1) Our hardware are different
2) Instead of using 100 ms for each engine, I am varying the search time in relation to its Elo difference from Stockfish 5.
Sedat Canbaz wrote: Another reason can be,
Delfi doesn't not run properly via sim tool

Best,
Sedat
Delfi does run the sim test close to correct when the command that makes it start searching is changed from "go depth 50" to "go infinite".
Ralf Müller
Posts: 127
Joined: Sat Dec 29, 2012 12:07 am

Re: Similarity tests

Post by Ralf Müller »

Could anyone provide a file of "similarity.data" with results from recent engines? Last file I have is from January 2014 by Adam Hair (http://talkchess.com/forum/viewtopic.ph ... =&start=10)
Adam Hair
Posts: 3226
Joined: Wed May 06, 2009 10:31 pm
Location: Fuquay-Varina, North Carolina

Re: Similarity tests

Post by Adam Hair »

Ralf Müller wrote:Could anyone provide a file of "similarity.data" with results from recent engines? Last file I have is from January 2014 by Adam Hair (http://talkchess.com/forum/viewtopic.ph ... =&start=10)
I am in the process of collecting new data, and I will share my results in the near future.
Ralf Müller
Posts: 127
Joined: Sat Dec 29, 2012 12:07 am

Re: Similarity tests

Post by Ralf Müller »

Great! Many thanks in advance!
Sedat Canbaz
Posts: 3018
Joined: Thu Mar 09, 2006 11:58 am
Location: Antalya/Turkey

Re: Similarity tests

Post by Sedat Canbaz »

Dear Adam,

Let me please to explain you a few notes more regarding Sim tool utility

I see Sim tool as Chess GUIs !

It's true that some chess engines suffer under Sim tool,
but overall for UCI engines, Sim tools is almost perfect !!!

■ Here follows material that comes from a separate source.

(* Consider the adaptive sieving procedure described in the context. For each $i\in\{1,\dots,N\}$, the inner loop for $C_i$ terminates after finitely many iterations: there exists an integer $\bar{k}$ with $0\le\bar{k}\le n$ such that $\mathcal{J}^{\bar{k}}(C_i)=\emptyset$. Moreover, the output tuple $(\overline{W}(C_i),\overline{b}(C_i),\overline{v}(C_i),\overline{U}(C_i),\overline{\lambda}(C_i),\overline{\Lambda}(C_i))$ is a KKT tuple of the perturbed full problem $$\min_{W,b,v,U}\ \tfrac12\|W\|_F^2+\tau\|U\|_*+\delta^*_{S^i}(v)-\langle\delta_W,W\rangle-b\delta_b-\langle\delta_v,v\rangle-\langle\delta_U,U\rangle\quad\text{s.t.}\quad \mathcal{A}W+by+v-e_n=\delta_\lambda,\ W-U=\delta_\Lambda$$ for some error $(\delta_W,\delta_b,\delta_v,\delta_U,\delta_\lambda,\delta_\Lambda)$ with $\max(\|\delta_W\|,|\delta_b|,\|\delta_v\|,\|\delta_U\|,\|\delta_\lambda\|,\|\delta_\Lambda\|)\le\varepsilon$; that is, $\delta_W=\overline{W}+\mathcal{A}^*\overline{\lambda}+\overline{\Lambda}$, $\delta_b=y^\top\overline{\lambda}$, $\delta_v-\overline{\lambda}\in\partial\delta^*_{S^i}(\overline{v})$, $\delta_U+\overline{\Lambda}\in\partial(\tau\|\cdot\|_* )(\overline{U})$, $\delta_\lambda=\mathcal{A}\overline{W}+\overline{b}y+\overline{v}-e_n$, $\delta_\Lambda=\overline{W}-\overline{U}$ (all barred quantities evaluated at $C_i$).
   Context: Data: $X_1,\dots,X_n\in\mathbb{R}^{p\times q}$, $y=(y_1,\dots,y_n)^\top\in\{-1,+1\}^n$, $\tau>0$, $e_n$ the all-ones vector, $\|\cdot\|_*$ the nuclear norm, $\langle X,Y\rangle=\operatorname{tr}(X^\top Y)$. $\mathcal{A}W=(\langle y_1X_1,W\rangle,\dots,\langle y_nX_n,W\rangle)^\top$, $\mathcal{A}^*z=\sum_j z_jy_jX_j$; for $\mathcal{I}\subseteq[n]:=\{1,\dots,n\}$, $\mathcal{A}_{\mathcal{I}}W:=(\mathcal{A}W)_{\mathcal{I}}$, $\mathcal{A}^*_{\mathcal{I}}z:=\sum_{j\in\mathcal{I}}z_jy_jX_j$, and $y_{\mathcal{I}},(e_n)_{\mathcal{I}}$ are subvectors. For grid values $0<C_0<C_1<\dots<C_N$, let $S^i=[0,C_i]^n$, $S^i_{\mathcal{I}}=[0,C_i]^{|\mathcal{I}|}$, and $\delta^*_K$ the support function of $K$. Reduced perturbed problem for $\mathcal{I}$ and $C_i$: minimize $\frac12\|W\|_F^2+\tau\|U\|_*+\delta^*_{S^i_{\mathcal{I}}}(v_{\mathcal{I}})-\langle\delta_W,W\rangle-b\delta_b-\langle\delta_{v_\mathcal{I}},v_{\mathcal{I}}\rangle-\langle\delta_U,U\rangle$ subject to $\mathcal{A}_{\mathcal{I}}W+by_{\mathcal{I}}+v_{\mathcal{I}}-(e_n)_{\mathcal{I}}=\delta_{\lambda_\mathcal{I}}$, $W-U=\delta_\Lambda$. A tuple $(W,b,v_{\mathcal{I}},U,\lambda_{\mathcal{I}},\Lambda)$ is a KKT tuple of it if $\delta_W=W+\mathcal{A}^*_{\mathcal{I}}\lambda_{\mathcal{I}}+\Lambda$, $\delta_b=y_{\mathcal{I}}^\top\lambda_{\mathcal{I}}$, $\delta_{v_\mathcal{I}}-\lambda_{\mathcal{I}}\in\partial\delta^*_{S^i_{\mathcal{I}}}(v_{\mathcal{I}})$, $\delta_U+\Lambda\in\partial(\tau\|\cdot\|_* )(U)$, $\delta_{\lambda_\mathcal{I}}=\mathcal{A}_{\mathcal{I}}W+by_{\mathcal{I}}+v_{\mathcal{I}}-(e_n)_{\mathcal{I}}$, $\delta_\Lambda=W-U$. Procedure (AS strategy): given an initial $(\overline{W}(C_0),\overline{b}(C_0))$, a tolerance $\varepsilon\ge0$, a scalar $\widehat{\varepsilon}\ge0$ and a positive integer $d_{\max}$, set $\mathcal{I}^*(C_0)=\{j: y_j(\langle\overline{W}(C_0),X_j\rangle+\overline{b}(C_0))\le1+\widehat{\varepsilon}\}$. For $i=1,\dots,N$, set $\mathcal{I}^0(C_i)=\mathcal{I}^*(C_{i-1})$, $k=0$, and repeat: Step 1: find a KKT tuple $(W^k,b^k,v^k_{\mathcal{I}},U^k,\lambda^k_{\mathcal{I}},\Lambda^k)$ of the reduced perturbed problem with $\mathcal{I}=\mathcal{I}^k(C_i)$ for some errors all of norm at most $\varepsilon$. Step 2: with $\overline{\mathcal{I}}^k=[n]\setminus\mathcal{I}^k(C_i)$, set $v^k_j=1-y_j(\langle W^k,X_j\rangle+b^k)$ for $j\in\overline{\mathcal{I}}^k$ and $\mathcal{J}^k(C_i)=\{j\in\overline{\mathcal{I}}^k: v^k_j\ge0\}$; extend $v^k_{\mathcal{I}}$ to $v^k\in\mathbb{R}^n$ by these values, and $\lambda^k_{\mathcal{I}}$ to $\lambda^k\in\mathbb{R}^n$ by $\lambda^k_j=-C_i$ for $j\in\mathcal{J}^k(C_i)$ and $\lambda^k_j=0$ for other $j\in\overline{\mathcal{I}}^k$. Step 3: if $\mathcal{J}^k(C_i)=\emptyset$, output $(\overline{W}(C_i),\overline{b}(C_i),\overline{v}(C_i),\overline{U}(C_i),\overline{\lambda}(C_i),\overline{\Lambda}(C_i))=(W^k,b^k,v^k,U^k,\lambda^k,\Lambda^k)$, set $\mathcal{I}^*(C_i)=\{j: y_j(\langle\overline{W}(C_i),X_j\rangle+\overline{b}(C_i))\le1+\widehat{\varepsilon}\}$ and move to $i+1$; otherwise choose a positive integer $d\le\min\{|\mathcal{J}^k(C_i)|,d_{\max}\}$, let $\widehat{\mathcal{J}}^{k+1}(C_i)$ be the indices $j\in\mathcal{J}^k(C_i)$ of the $d$ largest values among $\{v^k_t\}_{t\in\mathcal{J}^k(C_i)}$, set $\mathcal{I}^{k+1}(C_i)=\mathcal{I}^k(C_i)\cup\widehat{\mathcal{J}}^{k+1}(C_i)$, $k\leftarrow k+1$, and return to Step 1. *)

theory Defs
  imports "HOL-Analysis.Analysis"
begin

And let's take as examples,
ChessBase; Shredder Classic; Arena or any other rest GUIs
Each Chess GUI has own advantages/disadvantages
I mean some engines also do not play at full performance...I noticed that, what about you ?)
And plus, I can say one of the main Fritz advantages over rest GUIs:
*Fritz book editing options are just great !!!
-I can't see any better GUI than Fritz...this should be known too!

And I am not surprised in that too,
-The World strongest book makers are usually ctg book creators!

A simple example,
For example...let's organize a book tournament for non ctg users,
Then I expect the number of SCCT participants to be fall dramatically down
Probably we can see 70-80 % less book participants....

In other words,
The great Don's tool is not perfect, but the best utility in case of recognizing...much better than many human experts!!


Best,
Sedat
Modern Times
Posts: 3744
Joined: Thu Jun 07, 2012 11:02 pm

Re: Similarity tests

Post by Modern Times »

Sedat Canbaz wrote:-I can't see any better GUI than Fritz...this should be known too!
I never use Chessbase GUI by choice, only if I have to. It is my least favourite GUI.